To bypass the check against the minus character, we use a simple integer
overflow on the atoi
function.
And instead of trying to find the exact position of the flag, we start from
-1
downwards until we obtain the SHA-256 hash of the }
character (the last
char of the flag).
Creating the input:
# pre.py
for i in xrange(0x100000000, 0x100000000 - 1337, -1):
print 'h:{}'.format(i)
Filtering / bruteforcing the output:
# post.py
from hashlib import sha256
flag = '}' # avoid false-positives
while True:
print flag
h = raw_input().strip().lower()
for c in map(chr, xrange(128)):
if sha256(c + flag).hexdigest() == h:
flag = c + flag
break
Chaining the pre and post processings with some bash-fu:
$ ./pre.py | nc ... | egrep -o '[0-9A-F]{64}' | ./post.py
--<snip>--
18{4t_l3457_17_w45_n0t_crypt0}
H18{4t_l3457_17_w45_n0t_crypt0}
GH18{4t_l3457_17_w45_n0t_crypt0}
For a challenge in the re-crypto category, I must say that there was not much crypto in it, by I can be missing something (also: see flag value).

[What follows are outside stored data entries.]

lemma W11_ae_eq_deriv_imp_eq:
  assumes "W11_with_deriv p u g" "W11_with_deriv p v h" "u (-p) = v (-p)"
    and "negligible N" "\<And>x. x \<in> {-p..p} - N \<Longrightarrow> g x = h x"
    and x: "x \<in> {-p..p}"
  shows "u x = v x"
proof -
  have "u x = u (-p) + integral {-p..x} g" "v x = v (-p) + integral {-p..x} h"
    using assms(1,2) x unfolding W11_with_deriv_def by blast+
  moreover have "integral {-p..x} h = integral {-p..x} g"
    using assms(5) x by (intro integral_spike[OF assms(4)]) auto
  ultimately show ?thesis
    using assms(3) by simp
qed

lemma Jfun_eq_integral_length:
  assumes "0 \<le> p" "g absolutely_integrable_on {-p..p}"
  shows "Jfun \<beta> p g = integral {-p..p} (\<lambda>x. sqrt (1 + (g x)\<^sup>2)) - 2 * p * \<beta>"
proof -
  have "(\<lambda>x. sqrt (1 + (g x)\<^sup>2)) integrable_on {-p..p}"
    using absolutely_integrable_sqrt_one_plus_sq[OF assms(2)] by (simp add: absolutely_integrable_on_def)
  from integral_diff[OF this integrable_const_ivl[of \<beta> "-p" p]]
  show ?thesis
    using assms(1) by (simp add: Jfun_def)
qed

section \<open>Circles and elementary inequalities\<close>

lemma abs_less_imp_sq_diff_pos:
  fixes x R :: real
  assumes "\<bar>x\<bar> < R"
  shows "0 < R\<^sup>2 - x\<^sup>2"
proof -
  have "\<bar>x\<bar>\<^sup>2 < R\<^sup>2"
    using assms by (intro power_strict_mono) auto
  then show ?thesis by simp
qed

lemma has_real_derivative_sqrt_circle:
  fixes R x :: real
  assumes "\<bar>x\<bar> < R"
  shows "((\<lambda>x. sqrt (R\<^sup>2 - x\<^sup>2)) has_real_derivative - x / sqrt (R\<^sup>2 - x\<^sup>2)) (at x)"
proof -
  have "0 < R\<^sup>2 - x\<^sup>2"
    using assms by (rule abs_less_imp_sq_diff_pos)
  then show ?thesis
    by (auto intro!: derivative_eq_intros simp: field_simps)
qed

lemma has_real_derivative_circle_area:
  fixes R x :: real
  assumes "\<bar>x\<bar> < R"
  shows "((\<lambda>x. (x * sqrt (R\<^sup>2 - x\<^sup>2) + R\<^sup>2 * arcsin (x / R)) / 2) has_real_derivative sqrt (R\<^sup>2 - x\<^sup>2)) (at x)"
proof -
  define q where "q = sqrt (R\<^sup>2 - x\<^sup>2)"
  have R: "0 < R" using assms by linarith
  have q: "0 < q" "q\<^sup>2 = R\<^sup>2 - x\<^sup>2"
    using abs_less_imp_sq_diff_pos[OF assms] by (auto simp: q_def)
  have "sqrt (1 - (x / R)\<^sup>2) = sqrt ((q / R)\<^sup>2)"
    using R q by (simp add: field_simps)
  then have sqrt_eq: "sqrt (1 - (x / R)\<^sup>2) = q / R"
    using R q by simp
  have "-1 < x / R" "x / R < 1"
    using assms R by (auto simp: abs_less_iff field_simps)
  from DERIV_chain2[OF DERIV_arcsin[OF this] DERIV_cdivide[OF DERIV_ident, of R]]
  have arcsin_deriv: "((\<lambda>x. arcsin (x / R)) has_real_derivative 1 / q) (at x)"
    using R q unfolding sqrt_eq by (simp add: field_simps)
  from DERIV_cdivide[OF DERIV_add[OF DERIV_mult[OF DERIV_ident has_real_derivative_sqrt_circle[OF assms]]
      DERIV_cmult[OF arcsin_deriv, of "R\<^sup>2"]], of 2]
  show ?thesis
  proof (rule DERIV_cong)
    show "(1 * sqrt (R\<^sup>2 - x\<^sup>2) + - x / sqrt (R\<^sup>2 - x\<^sup>2) * x + R\<^sup>2 * (1 / q)) / 2 = sqrt (R\<^sup>2 - x\<^sup>2)"
      using q unfolding q_def[symmetric] by (simp add: field_simps power2_eq_square)
  qed
qed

Note: when submitting this flag, the organisers asked me if I feel like it was worth 400 points, and indeed it was quite easy for a 400 points flag. Especially comparing it to the previous challenge which was worth 300 points…
Conclusion
It was a real pleasure to be able to attend the GreHack, and thanks to my teamates we were able to get the sweet victory with the first place!
As I'm writing these words on the train back home after a all-nighter, I must say that I am still quite happy about that!